● **WORK INSTRUCTIONS**: In the data, extract each line that holds the string "Ialpha".

Collected data

theorem mainTheorem7:
  fixes F :: "real \<Rightarrow> real \<Rightarrow> real" and \<omega> L a M \<alpha> :: real
  assumes omega: "0 \<le> \<omega>" "\<omega> < 1" "\<omega> \<notin> \<rat>"
    and F_cont: "continuous_on UNIV (\<lambda>p. F (fst p) (snd p))"
    and F_per: "\<And>\<theta> x. F (\<theta> + 1) x = F \<theta> x"
    and F_deg: "\<And>\<theta> x. F \<theta> (x + 1) = F \<theta> x + 1"
    and F_mono: "\<And>\<theta>. strict_mono (F \<theta>)"
    and I_len: "0 < L" "L < 1 / 2"
    and K_len: "0 < M" "M \<le> 1"
    and wandering: "\<And>n::nat. 1 \<le> n \<Longrightarrow> \<not> (\<exists>\<theta> x. inW L a M \<theta> x \<and> inTW F \<omega> L a M (int n) \<theta> x)"
    and alpha: "0 < \<alpha>" "\<alpha> \<le> 1"
  shows "(\<forall>n k::int.
            lhd F \<omega> L a M [-n, 0, k, n] (Ialpha L \<alpha>) \<longleftrightarrow> lhd F \<omega> L a M [-n, -k, 0, n] (Ialpha L \<alpha>))
         \<and> (\<forall>n::int. closest_return F \<omega> L a M \<alpha> n \<longrightarrow> closest_return F \<omega> L a M \<alpha> (-n))"
proof -
  interpret wandering_skew_product F \<omega> L a M
    using F_cont F_per F_deg F_mono I_len K_len(1) wandering by unfold_locales
  let ?lhd = "\<lambda>ms. lhd F \<omega> L a M ms (Ialpha L \<alpha>)"
  have "?lhd [-n, 0, k, n] \<longleftrightarrow> ?lhd [-n, -k, 0, n]" for n k
  proof -
    have "?lhd [-n, 0, k, n] \<longleftrightarrow> ?lhd [0, k, n] \<and> ?lhd [0, n, -n]"
      using lhd_rotate[of "-n" "[0, k, n]"] lhd_4_iff[of 0 k n "-n"] by simp
    moreover have "?lhd [-n, -k, 0, n] \<longleftrightarrow> ?lhd [0, n, -n] \<and> ?lhd [0, -n, -k]"
      using lhd_rotate[of "-n" "[-k, 0, n]"] lhd_rotate[of "-k" "[0, n, -n]"] lhd_4_iff[of 0 n "-n" "-k"]
      by simp
    moreover have "?lhd [0, -n, -k] \<longleftrightarrow> ?lhd [0, k, n]"
      using lhd_rotate[of 0 "[-n, -k]"] lhd_reflect[OF alpha, of k n] by simp
    ultimately show ?thesis by blast
  qed
  then show ?thesis using closest_return_uminus[OF alpha] by blast
qed

end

● **ANSWER SPACE**:
            lhd F \<omega> L a M [-n, 0, k, n] (Ialpha L \<alpha>) \<longleftrightarrow> lhd F \<omega> L a M [-n, -k, 0, n] (Ialpha L \<alpha>))
  let ?lhd = "\<lambda>ms. lhd F \<omega> L a M ms (Ialpha L \<alpha>)"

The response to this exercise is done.